━━━ Data shown ━━━

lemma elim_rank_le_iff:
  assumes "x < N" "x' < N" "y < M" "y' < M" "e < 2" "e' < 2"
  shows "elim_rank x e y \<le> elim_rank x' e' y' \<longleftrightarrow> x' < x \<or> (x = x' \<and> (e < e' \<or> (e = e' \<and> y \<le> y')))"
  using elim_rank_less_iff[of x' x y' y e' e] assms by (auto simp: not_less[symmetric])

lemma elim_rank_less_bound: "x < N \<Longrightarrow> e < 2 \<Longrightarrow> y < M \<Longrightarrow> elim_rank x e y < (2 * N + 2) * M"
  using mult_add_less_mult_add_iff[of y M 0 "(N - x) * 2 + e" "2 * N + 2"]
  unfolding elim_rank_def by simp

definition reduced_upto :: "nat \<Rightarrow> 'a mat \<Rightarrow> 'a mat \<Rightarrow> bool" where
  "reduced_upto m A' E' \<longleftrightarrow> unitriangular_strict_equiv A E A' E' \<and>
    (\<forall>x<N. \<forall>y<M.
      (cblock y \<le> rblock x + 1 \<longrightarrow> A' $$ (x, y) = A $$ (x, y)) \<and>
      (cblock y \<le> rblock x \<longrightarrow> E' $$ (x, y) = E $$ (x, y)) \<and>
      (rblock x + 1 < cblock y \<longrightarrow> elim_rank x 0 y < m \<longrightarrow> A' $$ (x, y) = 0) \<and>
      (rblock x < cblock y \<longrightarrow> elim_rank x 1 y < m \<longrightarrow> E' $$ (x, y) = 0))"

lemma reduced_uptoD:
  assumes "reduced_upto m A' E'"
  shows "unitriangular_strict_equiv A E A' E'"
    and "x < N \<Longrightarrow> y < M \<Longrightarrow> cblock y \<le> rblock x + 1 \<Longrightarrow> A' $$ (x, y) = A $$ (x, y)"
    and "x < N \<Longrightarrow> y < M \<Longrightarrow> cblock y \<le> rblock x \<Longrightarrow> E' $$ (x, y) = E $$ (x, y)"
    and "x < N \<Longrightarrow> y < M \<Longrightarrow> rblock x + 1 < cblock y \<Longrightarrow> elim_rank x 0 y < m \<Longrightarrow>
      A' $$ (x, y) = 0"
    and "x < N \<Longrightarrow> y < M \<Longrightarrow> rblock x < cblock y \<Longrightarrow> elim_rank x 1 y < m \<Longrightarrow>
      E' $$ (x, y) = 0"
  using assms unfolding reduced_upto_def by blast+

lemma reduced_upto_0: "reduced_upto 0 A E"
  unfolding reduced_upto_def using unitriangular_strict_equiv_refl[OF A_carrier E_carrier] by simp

━━━

# Work to complete
The lines to copy run from the first line of the entries to the line containing "using elim_rank_less_iff[of x'"; copy them exactly and output nothing else.

# Answer to this task
lemma elim_rank_le_iff:
  assumes "x < N" "x' < N" "y < M" "y' < M" "e < 2" "e' < 2"
  shows "elim_rank x e y \<le> elim_rank x' e' y' \<longleftrightarrow> x' < x \<or> (x = x' \<and> (e < e' \<or> (e = e' \<and> y \<le> y')))"
  using elim_rank_less_iff[of x' x y' y e' e] assms by (auto simp: not_less[symmetric])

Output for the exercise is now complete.